_Exercise input_:
⟨
(* Over profiles whose ballots are strict weak orders (ties allowed): (i) the Split Cycle VCCR $sc$ satisfies Anonymity, Neutrality, Availability, Homogeneity, Downward Homogeneity, Neutral Indifference, Neutral Reversal, Monotonicity, Coherent IIA, Coherent Defeat, and Positive Involvement in Defeat; (ii) any VCCR $f$ satisfying Anonymity, Neutrality, Availability, Downward Homogeneity, Neutral Indifference, Neutral Reversal, Monotonicity for two-candidate profiles, Coherent IIA, Coherent Defeat, and Positive Involvement in Defeat equals $sc$; (iii) the same holds if Downward Homogeneity and Neutral Indifference in (ii) are replaced by Homogeneity.
   Context: Fix infinite sets $\mathcal V$ (voters) and $\mathcal X$ (candidates). For finite $X$, $\mathcal W(X)$ is the set of strict weak orders on $X$ (irreflexive, transitive and negatively transitive relations); $x,y$ are tied in $\succ$ if neither $x\succ y$ nor $y\succ x$; the empty relation (everything tied) is allowed. A profile is a function $\mathbf P:V\to\mathcal W(X)$ for nonempty finite $V\subset\mathcal V$, $X\subset\mathcal X$; $V(\mathbf P)=V$, $X(\mathbf P)=X$. "Voter $i$ ranks $x$ above $y$" means $(x,y)\in\mathbf P(i)$ (strictly). $\mathbf P_{|Y}$ restricts ballots to $Y$. $\mathrm{Margin}_{\mathbf P}(x,y)$ = number of voters ranking $x$ strictly above $y$ minus number ranking $y$ strictly above $x$; $x$ is majority preferred to $y$ if it is $>0$. The margin graph $\mathcal M(\mathbf P)$ has vertices $X(\mathbf P)$ and edges $x\to y$ with weight $\mathrm{Margin}_{\mathbf P}(x,y)$ when positive. A majority path from $x_1$ to $x_n$ is $(x_1,\dots,x_n)$ with all $\mathrm{Margin}_{\mathbf P}(x_i,x_{i+1})>0$; its strength is the minimum of these margins. A VCCR is a function $f$ giving for each profile an asymmetric relation $f(\mathbf P)$ on $X(\mathbf P)$ ("$x$ defeats $y$" iff $(x,y)\in f(\mathbf P)$). $sc$: $(x,y)\in sc(\mathbf P)$ iff $\mathrm{Margin}_{\mathbf P}(x,y)>0$ and it exceeds the strength of every majority path from $y$ to $x$. Moving up one place: given a strict weak order $\succ$ on finite $X$ and $x$ not $\succ$-greatest, let $x'\neq x$ be $\succ$-minimal among elements with $x\not\succ x'$. $\succ'$ results from moving $x$ up one place if $\succ'$ agrees with $\succ$ on pairs not involving $x$, and: if $x$ is tied with $x'$ in $\succ$, then in $\succ'$ $x$ is tied with no other element, $x\succ' x'$, and $y\succ x$ implies $y\succ' x$; if $x$ is tied with no other element in $\succ$, then $x$ is tied with $x'$ in $\succ'$. Axioms for a VCCR $f$: Anonymity (if $V(\mathbf P)=V(\mathbf P')$ and a bijection $\pi$ of voters has $\mathbf P'(i)=\mathbf P(\pi(i))$, then $f(\mathbf P)=f(\mathbf P')$); Neutrality (if same voters and candidates and a bijection $\pi$ of candidates has $(x,y)\in\mathbf P(i)\iff(\pi x,\pi y)\in\mathbf P'(i)$ for all $i,x,y$, then $(x,y)\in f(\mathbf P)\iff(\pi x,\pi y)\in f(\mathbf P')$); Availability (some candidate is defeated by no one in every $\mathbf P$); Homogeneity $f(\mathbf P)=f(2\mathbf P)$ and Downward Homogeneity $f(\mathbf P)\supseteq f(2\mathbf P)$, where $2\mathbf P$ replaces each voter by two copies; Neutral Indifference (adding a voter with the empty ballot leaves $f$ unchanged); Neutral Reversal (adding two voters with mutually converse ballots leaves $f$ unchanged); Monotonicity (resp. for two-candidate profiles): for every profile (resp. every two-candidate profile), if $\mathbf P'$ arises by moving $x$ up one place in one voter's ballot, $(x,y)\in f(\mathbf P)$ implies $(x,y)\in f(\mathbf P')$; Coherent IIA: with $\mathbf P\rightsquigarrow_{x,y}\mathbf P'$ meaning $\mathbf P_{|\{x,y\}}=\mathbf P'_{|\{x,y\}}$ and $\mathcal M(\mathbf P')$ obtainable from $\mathcal M(\mathbf P)$ by deleting zero or more candidates other than $x,y$ and deleting or reducing weights of zero or more edges not connecting $x,y$, if $(x,y)\in f(\mathbf P)$ and $\mathbf P\rightsquigarrow_{x,y}\mathbf P'$ then $(x,y)\in f(\mathbf P')$; Coherent Defeat: if $\mathrm{Margin}_{\mathbf P}(x,y)>0$ and no majority path from $y$ to $x$ exists, then $(x,y)\in f(\mathbf P)$; Positive Involvement in Defeat: if $(x,y)\notin f(\mathbf P)$ and $\mathbf P'$ adds one new voter ranking $y$ strictly above $x$, then $(x,y)\notin f(\mathbf P')$. *)

theory Defs
  imports Main
begin
(* Let $n$ and $x$ be positive integers with $x\le n$, let $k\ge 0$, and let $\mathcal M=\{M_1,\dots,M_s\}$ be a collection of perfect matchings of $K_{2n}$ such that each of the $\binom{2n}{2}$ edges of $K_{2n}$ belongs to at most $k$ of the matchings $M_1,\dots,M_s$. Let $$N=\sum_{j=\max(0,\,2x-n)}^{x}\binom{2x}{2j}\frac{(2j)!}{j!\,2^j}.$$ If $$k\le\frac{1}{e\cdot 2x(2n-1)\binom{n-1}{x-1}}\bigl(N-e\bigr),$$ then there exists a perfect matching $M$ of $K_{2n}$ such that $|M\cap M_i|\le x-1$ for every $i\in\{1,\dots,s\}$.
   Context: A perfect matching of $K_{2n}$ is a set of $n$ pairwise vertex-disjoint edges covering all $2n$ vertices; $e$ denotes Euler's number. The quantity $N$ counts the ways to choose a set of $j$ pairwise disjoint pairs from a fixed set of $2x$ vertices (leaving $2x-2j$ unpaired vertices), summed over those $j$ with $j+(2x-2j)\le n$. *)

theory Defs
  imports "HOL-Analysis.Analysis"
begin

definition K_edges :: "nat \<Rightarrow> nat set set" where
  "K_edges n = {e. \<exists>u v. u < 2*n \<and> v < 2*n \<and> u \<noteq> v \<and> e = {u, v}}"

definition perfect_matching :: "nat \<Rightarrow> nat set set \<Rightarrow> bool" where
  "perfect_matching n M \<longleftrightarrow>
     M \<subseteq> K_edges n \<and>
     (\<forall>e\<in>M. \<forall>f\<in>M. e \<noteq> f \<longrightarrow> e \<inter> f = {}) \<and>
     \<Union>M = {0..<2*n}"

definition N_count :: "nat \<Rightarrow> nat \<Rightarrow> nat" where
  "N_count n x = (\<Sum>j = (2*x - n)..x. ((2*x) choose (2*j)) * (fact (2*j) div (fact j * 2^j)))"

end

theory Submission
  imports Defs
begin

(* A perfect matching M of K_{2n} is "good" if |M \<inter> M_i| < x for every i.  We prove that
   a good matching exists by a union bound over all (2n-1)!! perfect matchings:
   - a fixed M_i shares at least x edges with at most C(n,x) (2(n-x)-1)!! perfect matchings;
   - double counting edges gives s n <= k |E(K_{2n})| = k n (2n-1), so s <= k (2n-1);
   - N counts partial matchings of 2x points with few unpaired points, and a recurrence
     yields N (2(n-x)-1)!! <= 2x (2n-3)!!;
   - with the hypothesis on k this gives s C(n,x) (2(n-x)-1)!! < (2n-1)!!. *)

(* The odd double factorial (2j-1)!! = 1 * 3 * ... * (2j-1); it counts the perfect
   matchings of 2j points. *)
definition odd_fact :: "nat \<Rightarrow> nat" where
  "odd_fact j = (\<Prod>i<j. 2*i + 1)"

lemma odd_fact_Suc: "odd_fact (Suc j) = odd_fact j * (2*j + 1)"
  by (simp add: odd_fact_def)

lemma odd_fact_pos: "0 < odd_fact j"
  by (simp add: odd_fact_def)

(* (2j)! = j! 2^j (2j-1)!!, which identifies the summands of N_count. *)
lemma fact_even: "fact (2*j) = (fact j * 2^j * odd_fact j :: nat)"
proof (induction j)
  case 0 then show ?case by (simp add: odd_fact_def)
next
  case (Suc j)
  have "fact (2*Suc j) = (fact (2*j) * ((2*j+1) * (2*j+2)) :: nat)"
    by (simp add: algebra_simps)
  also have "\<dots> = fact (Suc j) * 2^(Suc j) * odd_fact (Suc j)"
    using Suc by (simp add: odd_fact_Suc algebra_simps)
  finally show ?case .
qed

(* Products v (v+2) ... (v+2(y-1)) with step two, the shape of quotients of odd double
   factorials. *)
definition rising2 :: "nat \<Rightarrow> nat \<Rightarrow> nat" where
  "rising2 v y = (\<Prod>i<y. v + 2*i)"

lemma rising2_Suc: "rising2 v (Suc y) = rising2 v y * (v + 2*y)"
  by (simp add: rising2_def)

lemma rising2_Suc': "rising2 v (Suc y) = v * rising2 (v + 2) y"
  unfolding rising2_def by (subst prod.lessThan_Suc_shift) (simp add: algebra_simps)

lemma odd_fact_add: "odd_fact (m + y) = odd_fact m * rising2 (2*m + 1) y"
  by (induction y) (simp add: rising2_def, simp add: odd_fact_Suc rising2_Suc algebra_simps)

(* pm_term p v j counts the partial matchings of p points with j pairs, provided that they
   leave fewer than v points unpaired. *)
definition pm_term :: "nat \<Rightarrow> nat \<Rightarrow> nat \<Rightarrow> nat" where
  "pm_term p v j = (if p < v + 2*j then (p choose (2*j)) * odd_fact j else 0)"

(* few_unmatched p v counts the partial matchings of p labelled points leaving fewer than v
   points unpaired.  N_count is such a number, and the classical recurrence below (the last
   point is unpaired, or paired with one of the other p points) yields a product bound. *)
definition few_unmatched :: "nat \<Rightarrow> nat \<Rightarrow> nat" where
  "few_unmatched p v = (\<Sum>j\<le>p. pm_term p v j)"

lemma few_unmatched_extend:
  assumes "p \<le> q" shows "(\<Sum>j\<le>q. pm_term p v j) = few_unmatched p v"
  unfolding few_unmatched_def
  by (rule sum.mono_neutral_right) (use assms in \<open>auto simp: pm_term_def binomial_eq_0\<close>)

lemma few_unmatched_0: "few_unmatched p 0 = 0"
  by (simp add: few_unmatched_def pm_term_def)

lemma few_unmatched_base: "few_unmatched 0 v = (if 0 < v then 1 else 0)"
  by (simp add: few_unmatched_def pm_term_def odd_fact_def)

(* Pascal's rule for the summands, combined with (p+1) C(p,2i) = (2i+1) C(p+1,2i+1). *)
lemma pm_term_Suc:
  "pm_term (Suc p) (Suc v) (Suc i) = pm_term p v (Suc i) + p * pm_term (p - 1) (Suc v) i"
proof (cases p)
  case 0 then show ?thesis by (simp add: pm_term_def)
next
  case (Suc q)
  have "(Suc q choose Suc (2*i)) * odd_fact (Suc i)
        = ((Suc q choose Suc (2*i)) * Suc (2*i)) * odd_fact i"
    by (simp add: odd_fact_Suc algebra_simps del: binomial_Suc_Suc)
  also have "\<dots> = Suc q * ((q choose (2*i)) * odd_fact i)"
    by (simp only: Suc_times_binomial_eq[symmetric] mult.assoc)
  finally have pascal_odd:
    "(Suc q choose Suc (2*i)) * odd_fact (Suc i) = Suc q * ((q choose (2*i)) * odd_fact i)" .
  have pascal: "(Suc (Suc q) choose (2 * Suc i))
      = (Suc q choose (2 * Suc i)) + (Suc q choose Suc (2*i))"
    by simp
  show ?thesis
    unfolding pm_term_def Suc pascal using pascal_odd
    by (simp add: distrib_right del: binomial_Suc_Suc)
qed

lemma few_unmatched_rec:
  "few_unmatched (Suc p) (Suc v) = few_unmatched p v + p * few_unmatched (p - 1) (Suc v)"
proof -
  have "few_unmatched (Suc p) (Suc v) = pm_term p v 0 + (\<Sum>i\<le>p. pm_term (Suc p) (Suc v) (Suc i))"
    unfolding few_unmatched_def by (subst sum.atMost_Suc_shift) (simp add: pm_term_def)
  also have "\<dots> = (\<Sum>j\<le>Suc p. pm_term p v j) + p * (\<Sum>i\<le>p. pm_term (p - 1) (Suc v) i)"
  proof -
    have "pm_term p v 0 + (\<Sum>i\<le>p. pm_term p v (Suc i)) = (\<Sum>j\<le>Suc p. pm_term p v j)"
      by (simp only: sum.atMost_Suc_shift[of _ "p"])
    then show ?thesis by (simp add: pm_term_Suc sum.distrib sum_distrib_left)
  qed
  also have "\<dots> = few_unmatched p v + p * few_unmatched (p - 1) (Suc v)"
    by (simp only: few_unmatched_extend[OF le_SucI[OF order.refl]]
        few_unmatched_extend[OF diff_le_self])
  finally show ?thesis .
qed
⟩
_Your objective_: Each line from the one that holds "proof (cases p)" to the end of the records above should be transcribed exactly, both ends included.

_Solution_:
proof (cases p)
  case 0 then show ?thesis by (simp add: pm_term_def)
next
  case (Suc q)
  have "(Suc q choose Suc (2*i)) * odd_fact (Suc i)
        = ((Suc q choose Suc (2*i)) * Suc (2*i)) * odd_fact i"
    by (simp add: odd_fact_Suc algebra_simps del: binomial_Suc_Suc)
  also have "\<dots> = Suc q * ((q choose (2*i)) * odd_fact i)"
    by (simp only: Suc_times_binomial_eq[symmetric] mult.assoc)
  finally have pascal_odd:
    "(Suc q choose Suc (2*i)) * odd_fact (Suc i) = Suc q * ((q choose (2*i)) * odd_fact i)" .
  have pascal: "(Suc (Suc q) choose (2 * Suc i))
      = (Suc q choose (2 * Suc i)) + (Suc q choose Suc (2*i))"
    by simp
  show ?thesis
    unfolding pm_term_def Suc pascal using pascal_odd
    by (simp add: distrib_right del: binomial_Suc_Suc)
qed

lemma few_unmatched_rec:
  "few_unmatched (Suc p) (Suc v) = few_unmatched p v + p * few_unmatched (p - 1) (Suc v)"
proof -
  have "few_unmatched (Suc p) (Suc v) = pm_term p v 0 + (\<Sum>i\<le>p. pm_term (Suc p) (Suc v) (Suc i))"
    unfolding few_unmatched_def by (subst sum.atMost_Suc_shift) (simp add: pm_term_def)
  also have "\<dots> = (\<Sum>j\<le>Suc p. pm_term p v j) + p * (\<Sum>i\<le>p. pm_term (p - 1) (Suc v) i)"
  proof -
    have "pm_term p v 0 + (\<Sum>i\<le>p. pm_term p v (Suc i)) = (\<Sum>j\<le>Suc p. pm_term p v j)"
      by (simp only: sum.atMost_Suc_shift[of _ "p"])
    then show ?thesis by (simp add: pm_term_Suc sum.distrib sum_distrib_left)
  qed
  also have "\<dots> = few_unmatched p v + p * few_unmatched (p - 1) (Suc v)"
    by (simp only: few_unmatched_extend[OF le_SucI[OF order.refl]]
        few_unmatched_extend[OF diff_le_self])
  finally show ?thesis .
qed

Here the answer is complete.